> [EXERCISE OBJECTIVE] Since only part of the material is needed, please repeat exactly the line that includes "n) \<longlonglongrightarrow> q" and every line after it, up to the last.

> [EXERCISE INPUTS]
★ ★ ★ ★ ★ ★ ★

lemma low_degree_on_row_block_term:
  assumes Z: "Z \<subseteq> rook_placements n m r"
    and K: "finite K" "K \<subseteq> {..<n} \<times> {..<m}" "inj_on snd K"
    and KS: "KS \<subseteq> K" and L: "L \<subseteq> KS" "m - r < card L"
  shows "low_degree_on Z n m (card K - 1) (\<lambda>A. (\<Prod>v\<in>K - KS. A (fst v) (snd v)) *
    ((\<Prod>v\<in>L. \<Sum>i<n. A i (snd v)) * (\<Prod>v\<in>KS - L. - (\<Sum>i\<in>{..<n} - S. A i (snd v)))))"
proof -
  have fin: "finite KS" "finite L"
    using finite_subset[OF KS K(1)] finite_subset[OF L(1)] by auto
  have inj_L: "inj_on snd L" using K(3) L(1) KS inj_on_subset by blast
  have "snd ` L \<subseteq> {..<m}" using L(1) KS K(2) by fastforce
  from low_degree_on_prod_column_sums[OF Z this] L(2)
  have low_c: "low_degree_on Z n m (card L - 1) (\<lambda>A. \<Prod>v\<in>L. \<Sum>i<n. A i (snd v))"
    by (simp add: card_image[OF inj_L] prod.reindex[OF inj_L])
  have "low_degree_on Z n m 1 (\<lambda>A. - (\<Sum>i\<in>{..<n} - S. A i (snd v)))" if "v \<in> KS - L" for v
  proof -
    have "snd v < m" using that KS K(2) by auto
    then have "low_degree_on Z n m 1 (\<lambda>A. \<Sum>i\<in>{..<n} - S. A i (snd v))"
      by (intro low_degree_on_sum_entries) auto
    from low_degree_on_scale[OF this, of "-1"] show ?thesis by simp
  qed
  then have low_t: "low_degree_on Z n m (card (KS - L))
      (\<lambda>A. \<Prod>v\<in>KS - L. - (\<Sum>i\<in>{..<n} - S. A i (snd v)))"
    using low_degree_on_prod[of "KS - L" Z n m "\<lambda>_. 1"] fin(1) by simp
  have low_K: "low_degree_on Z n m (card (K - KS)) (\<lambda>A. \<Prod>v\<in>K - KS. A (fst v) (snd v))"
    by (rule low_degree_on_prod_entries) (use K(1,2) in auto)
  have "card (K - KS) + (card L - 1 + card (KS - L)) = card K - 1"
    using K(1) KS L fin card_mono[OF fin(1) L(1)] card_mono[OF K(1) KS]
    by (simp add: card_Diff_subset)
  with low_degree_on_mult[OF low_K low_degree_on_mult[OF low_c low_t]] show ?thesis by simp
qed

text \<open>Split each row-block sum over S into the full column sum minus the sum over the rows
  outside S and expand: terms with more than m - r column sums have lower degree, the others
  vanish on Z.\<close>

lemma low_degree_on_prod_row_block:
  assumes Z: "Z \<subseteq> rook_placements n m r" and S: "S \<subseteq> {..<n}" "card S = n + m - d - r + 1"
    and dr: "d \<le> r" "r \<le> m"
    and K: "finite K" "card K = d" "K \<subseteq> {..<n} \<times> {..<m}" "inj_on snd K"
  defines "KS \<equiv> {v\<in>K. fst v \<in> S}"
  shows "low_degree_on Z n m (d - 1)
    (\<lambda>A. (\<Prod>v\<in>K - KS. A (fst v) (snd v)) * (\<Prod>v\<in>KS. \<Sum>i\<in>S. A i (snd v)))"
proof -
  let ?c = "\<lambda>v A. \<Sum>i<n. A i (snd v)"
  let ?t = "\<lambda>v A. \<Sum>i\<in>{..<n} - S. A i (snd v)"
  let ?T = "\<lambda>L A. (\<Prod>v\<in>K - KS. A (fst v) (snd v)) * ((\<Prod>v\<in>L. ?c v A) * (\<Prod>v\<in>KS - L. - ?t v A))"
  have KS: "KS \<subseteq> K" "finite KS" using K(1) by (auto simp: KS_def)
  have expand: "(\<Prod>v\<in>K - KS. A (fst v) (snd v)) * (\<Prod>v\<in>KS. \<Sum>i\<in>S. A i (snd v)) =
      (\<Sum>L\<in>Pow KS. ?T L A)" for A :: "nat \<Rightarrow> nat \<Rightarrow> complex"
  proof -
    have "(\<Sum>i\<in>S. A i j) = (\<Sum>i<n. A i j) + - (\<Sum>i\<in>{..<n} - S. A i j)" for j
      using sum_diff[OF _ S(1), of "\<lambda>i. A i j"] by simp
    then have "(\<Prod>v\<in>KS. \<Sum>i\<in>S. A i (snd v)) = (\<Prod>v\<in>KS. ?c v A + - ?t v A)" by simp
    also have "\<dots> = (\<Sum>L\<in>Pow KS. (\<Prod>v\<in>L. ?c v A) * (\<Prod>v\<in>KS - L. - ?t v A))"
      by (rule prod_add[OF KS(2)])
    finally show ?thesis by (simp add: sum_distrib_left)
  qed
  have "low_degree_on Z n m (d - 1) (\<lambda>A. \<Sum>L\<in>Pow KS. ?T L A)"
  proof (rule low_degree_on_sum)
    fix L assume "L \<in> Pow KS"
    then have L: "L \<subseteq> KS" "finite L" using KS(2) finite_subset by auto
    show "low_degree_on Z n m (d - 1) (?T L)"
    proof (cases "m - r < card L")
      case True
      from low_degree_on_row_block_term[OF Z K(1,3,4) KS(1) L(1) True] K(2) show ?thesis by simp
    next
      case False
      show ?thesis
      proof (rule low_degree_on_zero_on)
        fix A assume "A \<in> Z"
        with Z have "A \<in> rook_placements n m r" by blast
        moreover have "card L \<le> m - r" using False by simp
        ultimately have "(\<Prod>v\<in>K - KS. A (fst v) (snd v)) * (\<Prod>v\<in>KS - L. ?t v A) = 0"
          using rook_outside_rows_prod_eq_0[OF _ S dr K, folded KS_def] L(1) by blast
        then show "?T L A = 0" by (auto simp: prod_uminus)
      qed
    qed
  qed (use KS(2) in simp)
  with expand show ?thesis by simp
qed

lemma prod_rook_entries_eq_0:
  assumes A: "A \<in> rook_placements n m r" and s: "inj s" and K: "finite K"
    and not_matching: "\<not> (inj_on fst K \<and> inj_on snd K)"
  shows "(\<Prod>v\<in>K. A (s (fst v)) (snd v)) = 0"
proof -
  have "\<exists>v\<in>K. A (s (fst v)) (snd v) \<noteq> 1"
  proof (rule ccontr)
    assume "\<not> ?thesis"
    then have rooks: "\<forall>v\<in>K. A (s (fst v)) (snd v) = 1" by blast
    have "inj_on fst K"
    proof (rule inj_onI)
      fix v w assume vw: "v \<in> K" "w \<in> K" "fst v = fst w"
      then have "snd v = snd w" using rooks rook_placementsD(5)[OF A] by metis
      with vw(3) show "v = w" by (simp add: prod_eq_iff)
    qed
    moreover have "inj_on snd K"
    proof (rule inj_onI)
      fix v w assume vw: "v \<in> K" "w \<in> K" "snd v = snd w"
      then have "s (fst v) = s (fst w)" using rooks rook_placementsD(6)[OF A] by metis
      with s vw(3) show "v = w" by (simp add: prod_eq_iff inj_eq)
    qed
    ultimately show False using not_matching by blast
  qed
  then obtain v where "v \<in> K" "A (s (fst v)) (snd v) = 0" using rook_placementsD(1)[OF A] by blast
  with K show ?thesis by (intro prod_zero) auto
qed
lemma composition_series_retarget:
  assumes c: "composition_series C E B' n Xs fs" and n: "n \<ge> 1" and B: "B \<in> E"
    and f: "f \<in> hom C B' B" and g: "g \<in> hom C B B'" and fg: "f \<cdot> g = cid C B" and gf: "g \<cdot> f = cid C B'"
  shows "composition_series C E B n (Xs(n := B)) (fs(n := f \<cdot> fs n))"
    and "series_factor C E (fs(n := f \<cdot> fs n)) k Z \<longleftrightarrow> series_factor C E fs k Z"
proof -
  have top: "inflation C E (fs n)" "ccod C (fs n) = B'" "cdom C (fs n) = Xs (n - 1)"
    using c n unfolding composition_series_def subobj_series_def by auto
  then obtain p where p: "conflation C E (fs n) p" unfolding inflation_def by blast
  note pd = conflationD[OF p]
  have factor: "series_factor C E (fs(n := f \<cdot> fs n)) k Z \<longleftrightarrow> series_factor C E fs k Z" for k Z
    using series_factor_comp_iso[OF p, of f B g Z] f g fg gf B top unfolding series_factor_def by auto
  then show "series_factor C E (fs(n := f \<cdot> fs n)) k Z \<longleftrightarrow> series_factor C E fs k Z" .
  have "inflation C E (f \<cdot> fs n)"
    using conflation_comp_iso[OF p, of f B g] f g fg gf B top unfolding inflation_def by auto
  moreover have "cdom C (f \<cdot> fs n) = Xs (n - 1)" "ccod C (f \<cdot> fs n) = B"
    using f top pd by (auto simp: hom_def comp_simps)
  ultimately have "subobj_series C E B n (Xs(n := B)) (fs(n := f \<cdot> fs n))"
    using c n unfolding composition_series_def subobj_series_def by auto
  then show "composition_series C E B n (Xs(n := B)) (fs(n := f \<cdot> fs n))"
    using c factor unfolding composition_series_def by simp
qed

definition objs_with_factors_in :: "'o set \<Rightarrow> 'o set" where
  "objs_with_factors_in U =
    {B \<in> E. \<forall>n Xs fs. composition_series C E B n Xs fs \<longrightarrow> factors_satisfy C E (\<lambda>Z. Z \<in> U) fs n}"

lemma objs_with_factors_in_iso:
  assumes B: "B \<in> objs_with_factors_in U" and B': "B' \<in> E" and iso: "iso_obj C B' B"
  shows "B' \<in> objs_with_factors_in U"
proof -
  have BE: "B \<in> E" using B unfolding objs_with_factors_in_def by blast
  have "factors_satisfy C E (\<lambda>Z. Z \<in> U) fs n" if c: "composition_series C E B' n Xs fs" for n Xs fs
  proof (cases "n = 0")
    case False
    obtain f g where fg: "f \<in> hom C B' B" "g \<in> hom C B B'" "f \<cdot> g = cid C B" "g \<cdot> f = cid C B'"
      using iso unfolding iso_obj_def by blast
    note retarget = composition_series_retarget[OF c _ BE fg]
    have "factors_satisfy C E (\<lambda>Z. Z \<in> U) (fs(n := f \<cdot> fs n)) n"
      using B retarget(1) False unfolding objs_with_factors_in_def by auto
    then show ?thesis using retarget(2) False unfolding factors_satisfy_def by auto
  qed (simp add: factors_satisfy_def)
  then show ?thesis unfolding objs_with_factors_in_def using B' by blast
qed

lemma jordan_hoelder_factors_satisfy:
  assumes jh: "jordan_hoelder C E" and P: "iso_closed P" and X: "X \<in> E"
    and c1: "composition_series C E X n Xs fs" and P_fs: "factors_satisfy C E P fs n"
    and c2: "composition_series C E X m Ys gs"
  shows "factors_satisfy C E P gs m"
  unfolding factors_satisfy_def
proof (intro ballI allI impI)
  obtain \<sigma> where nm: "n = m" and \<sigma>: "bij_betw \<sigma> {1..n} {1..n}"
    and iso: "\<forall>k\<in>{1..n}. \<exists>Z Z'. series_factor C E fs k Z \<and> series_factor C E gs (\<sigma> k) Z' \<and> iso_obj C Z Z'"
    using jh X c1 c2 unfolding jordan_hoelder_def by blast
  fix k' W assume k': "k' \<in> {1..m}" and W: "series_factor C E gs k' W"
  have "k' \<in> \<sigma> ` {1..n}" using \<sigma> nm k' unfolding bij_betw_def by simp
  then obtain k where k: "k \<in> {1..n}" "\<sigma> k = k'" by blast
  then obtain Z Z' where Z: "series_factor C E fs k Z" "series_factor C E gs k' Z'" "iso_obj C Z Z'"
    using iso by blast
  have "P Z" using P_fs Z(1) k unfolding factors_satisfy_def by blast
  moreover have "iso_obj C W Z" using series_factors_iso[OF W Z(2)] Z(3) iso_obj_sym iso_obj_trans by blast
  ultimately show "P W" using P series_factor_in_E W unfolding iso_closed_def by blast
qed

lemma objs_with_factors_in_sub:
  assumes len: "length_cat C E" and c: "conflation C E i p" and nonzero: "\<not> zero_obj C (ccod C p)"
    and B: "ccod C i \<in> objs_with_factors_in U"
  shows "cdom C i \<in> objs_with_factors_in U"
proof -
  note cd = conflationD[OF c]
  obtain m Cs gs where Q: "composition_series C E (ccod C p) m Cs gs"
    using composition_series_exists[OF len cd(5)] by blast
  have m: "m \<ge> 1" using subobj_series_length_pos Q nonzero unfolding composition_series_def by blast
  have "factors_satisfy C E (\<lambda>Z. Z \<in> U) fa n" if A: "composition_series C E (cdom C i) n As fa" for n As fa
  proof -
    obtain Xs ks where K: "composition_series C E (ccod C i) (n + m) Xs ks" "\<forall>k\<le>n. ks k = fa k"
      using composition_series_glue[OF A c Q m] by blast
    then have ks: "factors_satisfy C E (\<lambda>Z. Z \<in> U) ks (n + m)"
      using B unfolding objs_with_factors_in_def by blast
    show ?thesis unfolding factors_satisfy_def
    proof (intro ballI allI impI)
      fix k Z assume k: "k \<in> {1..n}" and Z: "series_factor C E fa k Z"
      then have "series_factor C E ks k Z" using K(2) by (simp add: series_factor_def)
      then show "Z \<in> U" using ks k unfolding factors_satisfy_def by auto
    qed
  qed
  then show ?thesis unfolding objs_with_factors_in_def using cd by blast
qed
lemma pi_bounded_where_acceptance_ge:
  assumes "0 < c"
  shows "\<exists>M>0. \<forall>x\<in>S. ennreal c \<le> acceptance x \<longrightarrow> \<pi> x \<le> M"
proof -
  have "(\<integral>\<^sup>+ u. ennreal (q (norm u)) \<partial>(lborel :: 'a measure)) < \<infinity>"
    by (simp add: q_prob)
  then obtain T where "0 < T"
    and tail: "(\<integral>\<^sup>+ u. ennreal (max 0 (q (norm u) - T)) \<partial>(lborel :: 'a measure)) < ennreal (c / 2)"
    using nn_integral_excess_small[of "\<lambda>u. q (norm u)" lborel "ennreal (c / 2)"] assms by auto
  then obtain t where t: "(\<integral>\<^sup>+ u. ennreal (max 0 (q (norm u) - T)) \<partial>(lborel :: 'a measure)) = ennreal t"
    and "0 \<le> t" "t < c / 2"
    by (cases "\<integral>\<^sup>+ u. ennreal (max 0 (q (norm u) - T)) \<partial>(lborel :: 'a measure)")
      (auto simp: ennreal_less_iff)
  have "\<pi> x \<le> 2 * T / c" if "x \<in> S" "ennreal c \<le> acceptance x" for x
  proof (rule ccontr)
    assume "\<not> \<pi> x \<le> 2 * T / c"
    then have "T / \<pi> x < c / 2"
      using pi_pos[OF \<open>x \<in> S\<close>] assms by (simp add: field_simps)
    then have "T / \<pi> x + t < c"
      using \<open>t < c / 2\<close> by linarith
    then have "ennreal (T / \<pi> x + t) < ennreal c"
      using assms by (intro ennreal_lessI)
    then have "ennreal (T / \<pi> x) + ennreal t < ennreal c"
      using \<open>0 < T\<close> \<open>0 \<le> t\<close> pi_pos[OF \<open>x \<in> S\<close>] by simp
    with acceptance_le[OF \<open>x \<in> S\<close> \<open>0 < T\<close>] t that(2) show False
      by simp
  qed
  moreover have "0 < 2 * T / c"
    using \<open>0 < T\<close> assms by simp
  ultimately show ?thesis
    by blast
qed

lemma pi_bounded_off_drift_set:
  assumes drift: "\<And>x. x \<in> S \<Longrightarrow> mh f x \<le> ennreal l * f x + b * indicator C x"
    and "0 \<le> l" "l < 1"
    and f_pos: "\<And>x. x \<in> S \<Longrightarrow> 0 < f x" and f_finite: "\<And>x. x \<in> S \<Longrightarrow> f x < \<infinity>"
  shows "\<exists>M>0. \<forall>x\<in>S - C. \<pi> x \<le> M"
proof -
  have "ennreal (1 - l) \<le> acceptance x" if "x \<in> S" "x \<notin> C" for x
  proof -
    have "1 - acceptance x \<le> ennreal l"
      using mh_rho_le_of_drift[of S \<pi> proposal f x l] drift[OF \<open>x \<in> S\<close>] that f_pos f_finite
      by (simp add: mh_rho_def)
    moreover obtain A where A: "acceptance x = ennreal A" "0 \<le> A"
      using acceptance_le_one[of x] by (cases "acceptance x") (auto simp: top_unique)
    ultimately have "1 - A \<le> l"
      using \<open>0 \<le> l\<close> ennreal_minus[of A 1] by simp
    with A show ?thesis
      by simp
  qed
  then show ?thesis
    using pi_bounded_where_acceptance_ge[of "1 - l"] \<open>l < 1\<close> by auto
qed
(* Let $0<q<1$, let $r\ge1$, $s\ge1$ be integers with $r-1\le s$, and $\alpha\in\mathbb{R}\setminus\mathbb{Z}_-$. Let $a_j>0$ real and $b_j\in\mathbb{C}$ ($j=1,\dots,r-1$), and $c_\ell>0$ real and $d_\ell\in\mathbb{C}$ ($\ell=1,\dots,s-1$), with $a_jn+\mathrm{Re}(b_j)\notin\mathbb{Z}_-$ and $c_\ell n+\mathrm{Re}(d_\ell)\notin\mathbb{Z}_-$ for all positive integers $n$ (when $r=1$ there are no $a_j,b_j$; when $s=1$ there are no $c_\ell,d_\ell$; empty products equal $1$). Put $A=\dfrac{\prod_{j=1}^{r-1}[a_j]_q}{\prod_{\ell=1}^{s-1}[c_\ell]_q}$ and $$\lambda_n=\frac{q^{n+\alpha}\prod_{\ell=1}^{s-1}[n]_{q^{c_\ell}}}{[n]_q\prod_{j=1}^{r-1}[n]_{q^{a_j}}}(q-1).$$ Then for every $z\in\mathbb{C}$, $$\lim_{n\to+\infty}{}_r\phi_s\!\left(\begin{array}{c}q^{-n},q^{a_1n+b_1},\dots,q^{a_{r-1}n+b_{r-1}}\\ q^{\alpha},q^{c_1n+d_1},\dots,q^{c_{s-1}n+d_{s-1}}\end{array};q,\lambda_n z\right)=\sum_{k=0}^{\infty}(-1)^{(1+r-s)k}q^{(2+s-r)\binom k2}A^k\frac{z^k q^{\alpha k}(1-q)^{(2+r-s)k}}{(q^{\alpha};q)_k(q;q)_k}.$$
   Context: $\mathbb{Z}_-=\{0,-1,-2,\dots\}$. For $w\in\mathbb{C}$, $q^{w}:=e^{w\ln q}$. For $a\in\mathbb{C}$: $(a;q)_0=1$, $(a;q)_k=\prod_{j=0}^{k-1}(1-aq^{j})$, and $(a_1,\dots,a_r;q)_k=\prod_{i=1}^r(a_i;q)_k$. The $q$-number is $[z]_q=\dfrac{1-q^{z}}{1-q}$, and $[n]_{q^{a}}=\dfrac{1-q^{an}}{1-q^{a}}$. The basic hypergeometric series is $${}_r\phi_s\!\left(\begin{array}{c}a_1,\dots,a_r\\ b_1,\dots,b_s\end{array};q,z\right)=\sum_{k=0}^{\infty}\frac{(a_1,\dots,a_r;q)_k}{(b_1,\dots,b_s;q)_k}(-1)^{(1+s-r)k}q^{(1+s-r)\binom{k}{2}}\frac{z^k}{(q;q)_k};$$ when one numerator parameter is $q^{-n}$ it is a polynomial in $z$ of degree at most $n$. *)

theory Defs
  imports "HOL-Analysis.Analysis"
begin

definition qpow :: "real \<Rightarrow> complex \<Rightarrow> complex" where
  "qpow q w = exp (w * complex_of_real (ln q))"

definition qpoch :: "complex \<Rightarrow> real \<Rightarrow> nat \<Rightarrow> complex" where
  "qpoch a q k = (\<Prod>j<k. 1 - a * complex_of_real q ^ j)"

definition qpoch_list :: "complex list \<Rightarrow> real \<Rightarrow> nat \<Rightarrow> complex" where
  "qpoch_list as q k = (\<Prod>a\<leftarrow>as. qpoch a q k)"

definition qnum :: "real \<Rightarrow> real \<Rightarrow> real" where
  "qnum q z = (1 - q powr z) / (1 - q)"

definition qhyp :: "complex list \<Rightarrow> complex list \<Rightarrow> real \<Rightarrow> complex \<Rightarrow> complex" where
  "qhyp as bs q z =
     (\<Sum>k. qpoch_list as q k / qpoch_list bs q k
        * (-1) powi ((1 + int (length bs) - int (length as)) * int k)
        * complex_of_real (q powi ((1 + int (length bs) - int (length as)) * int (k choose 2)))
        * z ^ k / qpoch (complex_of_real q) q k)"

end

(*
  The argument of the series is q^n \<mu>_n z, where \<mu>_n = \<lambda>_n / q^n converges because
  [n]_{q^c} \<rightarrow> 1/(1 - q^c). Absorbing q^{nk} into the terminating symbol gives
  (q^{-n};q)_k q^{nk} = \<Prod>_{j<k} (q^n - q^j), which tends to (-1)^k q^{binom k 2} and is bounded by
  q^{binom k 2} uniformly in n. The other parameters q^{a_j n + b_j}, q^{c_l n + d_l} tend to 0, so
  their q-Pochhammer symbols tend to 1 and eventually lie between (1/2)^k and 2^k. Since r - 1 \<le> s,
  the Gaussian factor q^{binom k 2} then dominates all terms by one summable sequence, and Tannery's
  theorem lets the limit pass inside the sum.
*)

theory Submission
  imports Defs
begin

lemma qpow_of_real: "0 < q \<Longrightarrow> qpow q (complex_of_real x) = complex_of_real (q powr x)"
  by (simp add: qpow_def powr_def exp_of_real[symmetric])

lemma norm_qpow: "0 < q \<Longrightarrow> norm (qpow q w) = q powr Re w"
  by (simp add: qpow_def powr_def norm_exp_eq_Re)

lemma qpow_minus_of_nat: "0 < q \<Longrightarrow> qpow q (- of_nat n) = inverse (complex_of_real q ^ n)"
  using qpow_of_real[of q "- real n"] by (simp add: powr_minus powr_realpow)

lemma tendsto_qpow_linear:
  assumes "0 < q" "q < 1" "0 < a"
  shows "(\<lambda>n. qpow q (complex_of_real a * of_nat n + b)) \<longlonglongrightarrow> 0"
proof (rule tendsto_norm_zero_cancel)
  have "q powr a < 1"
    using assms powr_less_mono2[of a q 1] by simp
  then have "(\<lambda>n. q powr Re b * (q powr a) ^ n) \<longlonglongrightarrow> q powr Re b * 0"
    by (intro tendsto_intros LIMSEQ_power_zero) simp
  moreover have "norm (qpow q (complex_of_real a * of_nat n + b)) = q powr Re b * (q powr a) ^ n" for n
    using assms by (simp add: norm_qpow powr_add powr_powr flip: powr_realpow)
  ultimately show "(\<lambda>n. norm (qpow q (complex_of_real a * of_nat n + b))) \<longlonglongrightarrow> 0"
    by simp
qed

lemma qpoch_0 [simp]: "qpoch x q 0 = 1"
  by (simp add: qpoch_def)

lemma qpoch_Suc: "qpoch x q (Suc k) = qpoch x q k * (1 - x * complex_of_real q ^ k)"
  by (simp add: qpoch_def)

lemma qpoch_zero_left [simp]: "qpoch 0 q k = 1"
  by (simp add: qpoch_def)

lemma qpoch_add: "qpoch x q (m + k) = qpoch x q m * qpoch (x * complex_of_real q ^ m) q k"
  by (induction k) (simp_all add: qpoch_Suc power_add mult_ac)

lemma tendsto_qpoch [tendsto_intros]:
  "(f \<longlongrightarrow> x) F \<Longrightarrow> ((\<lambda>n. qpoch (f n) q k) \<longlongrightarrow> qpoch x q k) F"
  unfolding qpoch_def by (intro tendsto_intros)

★ ★ ★ ★ ★ ★ ★

> [RESPONSE BOX]
  then have "(\<lambda>n. q powr Re b * (q powr a) ^ n) \<longlonglongrightarrow> q powr Re b * 0"
    by (intro tendsto_intros LIMSEQ_power_zero) simp
  moreover have "norm (qpow q (complex_of_real a * of_nat n + b)) = q powr Re b * (q powr a) ^ n" for n
    using assms by (simp add: norm_qpow powr_add powr_powr flip: powr_realpow)
  ultimately show "(\<lambda>n. norm (qpow q (complex_of_real a * of_nat n + b))) \<longlonglongrightarrow> 0"
    by simp
qed

lemma qpoch_0 [simp]: "qpoch x q 0 = 1"
  by (simp add: qpoch_def)

lemma qpoch_Suc: "qpoch x q (Suc k) = qpoch x q k * (1 - x * complex_of_real q ^ k)"
  by (simp add: qpoch_def)

lemma qpoch_zero_left [simp]: "qpoch 0 q k = 1"
  by (simp add: qpoch_def)

lemma qpoch_add: "qpoch x q (m + k) = qpoch x q m * qpoch (x * complex_of_real q ^ m) q k"
  by (induction k) (simp_all add: qpoch_Suc power_add mult_ac)

lemma tendsto_qpoch [tendsto_intros]:
  "(f \<longlongrightarrow> x) F \<Longrightarrow> ((\<lambda>n. qpoch (f n) q k) \<longlongrightarrow> qpoch x q k) F"
  unfolding qpoch_def by (intro tendsto_intros)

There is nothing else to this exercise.